Fine-tuning deep learning model parameters for improved super-resolution of dynamic MRI with prior-knowledge

Chompunuch Sarasaen^1,2, Soumick Chatterjee^1,3,4, Fatima Saad², Mario Breitkopf¹, Andreas Nürnberger^4,5,6, and Oliver Speck^1,5,6,7
¹Biomedical Magnetic Resonance, Otto von Guericke University, Magdeburg, Germany, ²Institute for Medical Engineering, Otto von Guericke University, Magdeburg, Germany, ³Data and Knowledge Engineering Group, Otto von Guericke University, Magdeburg, Germany, ⁴Faculty of Computer Science, Otto von Guericke University, Magdeburg, Germany, ⁵Center for Behavioral Brain Sciences, Magdeburg, Germany, ⁶German Center for Neurodegenerative Disease, Magdeburg, Germany, ⁷Leibniz Institute for Neurobiology, Magdeburg, Germany

Synopsis

Dynamic imaging is required during interventions to assess the physiological changes. Unfortunately, while achieving a high temporal resolution the spatial resolution is compromised. To overcome the spatiotemporal trade-off, in this work deep learning based super-resolution approach has been utilized and fine-tuned using prior-knowledge. 3D dynamic data for three subjects was acquired with different parameters to test the generalization capabilities of the network. Experiments were performed for different in-plane undersampling levels. A U-net based model[1] with perceptual loss[2] was used for training. Then, the trained network was fine-tuned using prior scan to obtain high resolution dynamic images during the inference stage.

Introduction

The use of dynamic MRI is crucial for abdominal interventions such as liver [3-4]. However, conventional rapid imaging suffers from a trade-off between spatial and temporal resolution, preventing usage in clinical routines.

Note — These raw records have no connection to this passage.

lemma has_real_derivative_softmax_line:
  fixes x v :: "'a::finite \<Rightarrow> real"
  shows "((\<lambda>t. softmax (\<lambda>b. x b + t * v b) a) has_real_derivative
     softmax (\<lambda>b. x b + t * v b) a * (v a - (\<Sum>b\<in>UNIV. softmax (\<lambda>b. x b + t * v b) b * v b))) (at t)"
proof -
  define E where "E b t = exp (x b + t * v b)" for b t
  define Z where "Z t = (\<Sum>b\<in>UNIV. E b t)" for t
  have Z_pos: "0 < Z t" for t unfolding Z_def E_def by (auto intro!: sum_pos)
  have softmax_E: "softmax (\<lambda>b. x b + t * v b) c = E c t / Z t" for c t
    unfolding softmax_def Z_def E_def ..
  have dE: "(E b has_real_derivative E b t * v b) (at t)" for b
    unfolding E_def by (auto intro!: derivative_eq_intros)
  have dZ: "(Z has_real_derivative (\<Sum>b\<in>UNIV. E b t * v b)) (at t)"
    unfolding Z_def by (intro DERIV_sum dE)
  have "((\<lambda>t. E a t / Z t) has_real_derivative
      (E a t * v a * Z t - (\<Sum>b\<in>UNIV. E b t * v b) * E a t) / (Z t * Z t)) (at t)"
    using DERIV_divide[OF dE dZ] Z_pos[of t] by (simp add: algebra_simps)
  moreover have "(E a t * v a * Z t - (\<Sum>b\<in>UNIV. E b t * v b) * E a t) / (Z t * Z t)
      = E a t / Z t * (v a - (\<Sum>b\<in>UNIV. E b t / Z t * v b))"
  proof -
    have "(\<Sum>b\<in>UNIV. E b t / Z t * v b) = (\<Sum>b\<in>UNIV. E b t * v b) / Z t"
      by (simp add: sum_divide_distrib)
    then show ?thesis using Z_pos[of t] by (simp add: field_simps)
  qed
  ultimately show ?thesis by (simp add: softmax_E)
qed

lemma softmax_l1_dist_le:
  fixes x y :: "'a::finite \<Rightarrow> real"
  assumes xy: "\<And>a. \<bar>x a - y a\<bar> \<le> d"
  shows "(\<Sum>a\<in>UNIV. \<bar>softmax x a - softmax y a\<bar>) \<le> d"
proof -
  define v where "v b = y b - x b" for b
  define sg where "sg a = sgn (softmax y a - softmax x a)" for a
  define p where "p t = softmax (\<lambda>b. x b + t * v b)" for t
  define h where "h t = (\<Sum>a\<in>UNIV. sg a * p t a)" for t
  define h' where "h' t = (\<Sum>a\<in>UNIV. sg a * (p t a * (v a - (\<Sum>b\<in>UNIV. p t b * v b))))" for t
  have "(h has_real_derivative h' t) (at t)" for t
    unfolding h_def h'_def p_def by (intro DERIV_sum DERIV_cmult has_real_derivative_softmax_line)
  then obtain z where z: "h 1 - h 0 = h' z" using MVT2[of 0 1 h h'] by auto
  have "p 1 = softmax y" "p 0 = softmax x" unfolding p_def v_def by auto
  then have "h 1 - h 0 = (\<Sum>a\<in>UNIV. sg a * (softmax y a - softmax x a))"
    unfolding h_def by (simp add: sum_subtractf right_diff_distrib)
  also have "\<dots> = (\<Sum>a\<in>UNIV. \<bar>softmax x a - softmax y a\<bar>)"
    unfolding sg_def by (simp add: abs_sgn[symmetric] mult.commute abs_minus_commute)
  finally have l1_eq: "(\<Sum>a\<in>UNIV. \<bar>softmax x a - softmax y a\<bar>) = h' z"
    using z by simp
  have "h' z \<le> (\<Sum>a\<in>UNIV. p z a * \<bar>v a - (\<Sum>b\<in>UNIV. p z b * v b)\<bar>)"
    unfolding h'_def
  proof (rule sum_mono)
    fix a
    let ?X = "p z a * (v a - (\<Sum>b\<in>UNIV. p z b * v b))"
    have "sg a * ?X \<le> \<bar>sg a\<bar> * \<bar>?X\<bar>" by (metis abs_ge_self abs_mult)
    also have "\<dots> \<le> \<bar>?X\<bar>"
      unfolding sg_def by (intro mult_left_le_one_le) (auto simp: abs_sgn_eq)
    finally show "sg a * ?X \<le> p z a * \<bar>v a - (\<Sum>b\<in>UNIV. p z b * v b)\<bar>"
      by (simp add: abs_mult less_imp_le[OF softmax_pos] p_def)
  qed
  also have "\<dots> \<le> d"
    unfolding p_def
    by (rule prob_vec_mean_abs_deviation_le[OF prob_vec_softmax])
       (simp add: v_def abs_minus_commute xy)
  finally show ?thesis using l1_eq by simp
qed

definition reg_value :: "real \<Rightarrow> ('a::finite \<Rightarrow> real) \<Rightarrow> ('a \<Rightarrow> real) \<Rightarrow> real" where
  "reg_value tau Q w = (\<Sum>a\<in>UNIV. w a * (Q a - tau * ln (w a)))"

definition rel_entropy :: "('a::finite \<Rightarrow> real) \<Rightarrow> ('a \<Rightarrow> real) \<Rightarrow> real" where
  "rel_entropy w g = (\<Sum>a\<in>UNIV. w a * ln (w a / g a))"

lemma diff_le_mult_ln_div:
  fixes x y :: real
  assumes "0 \<le> x" "0 < y"
  shows "x - y \<le> x * ln (x / y)" and "x * ln (x / y) = x - y \<Longrightarrow> x = y"
proof -
  consider "x = 0" | "0 < x" using assms(1) by linarith
  then have "x - y \<le> x * ln (x / y) \<and> (x * ln (x / y) = x - y \<longrightarrow> x = y)"
  proof cases
    case 2
    have yx: "0 < y / x" using 2 assms(2) by simp
    have ln_inv: "ln (x / y) = - ln (y / x)" using 2 assms(2) by (simp add: ln_div)
    have "x * (1 - y / x) \<le> x * ln (x / y)"
      using ln_le_minus_one[OF yx] 2 unfolding ln_inv by (intro mult_left_mono) auto
    moreover have "x * ln (x / y) = x - y \<Longrightarrow> x = y"
      using ln_eq_minus_one[OF yx] 2 unfolding ln_inv by (auto simp: field_simps)
    ultimately show ?thesis using 2 by (simp add: right_diff_distrib)
  qed (use assms in auto)
  then show "x - y \<le> x * ln (x / y)" and "x * ln (x / y) = x - y \<Longrightarrow> x = y" by auto
qed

Super-resolution (SR) is a class of algorithms that intends to provide a high resolution image from a low resolution counterpart and has been broadly used in many tasks [5-6]. In an earlier work [7], SR was shown to be a promising tool to improve the spatiotemporal trade-off in dynamic MRI. Owing to the requirement of respiratory navigation and post-processing to stack all slices in 2D dynamic scan, that investigation was extended using 3D dynamic datasets to obtain high spatiotemporal resolution output. The dynamic images were considered as separate 3D volumetric images at different time points, referred to as 3D+t imaging.

Methods

A. Data Preparation
3D abdominal dynamic acquisitions of three healthy subjects were acquired on a 3T scanner (SIEMENS MAGNETOM Skyra) and were artificially undersampled in-plane using MRUnder [8] pipeline to simulate low resolution data. To test the generalization of the network, the dynamic acquisitions were obtained using T1w FLASH but with varied sequence parameters, as illustrated in Table 1. The undersampling was done by taking the central part along the phase encoding direction of the k-space and then cropped with the aspect ratio of the image without zero-padding. The different levels of undersampling (us 25% and us 10% of the k-space) were investigated. In this work, CHAOS challenge [9] data was used for the main training. Fig. 1 shows the schematic diagram of the proposed method along with the network architecture.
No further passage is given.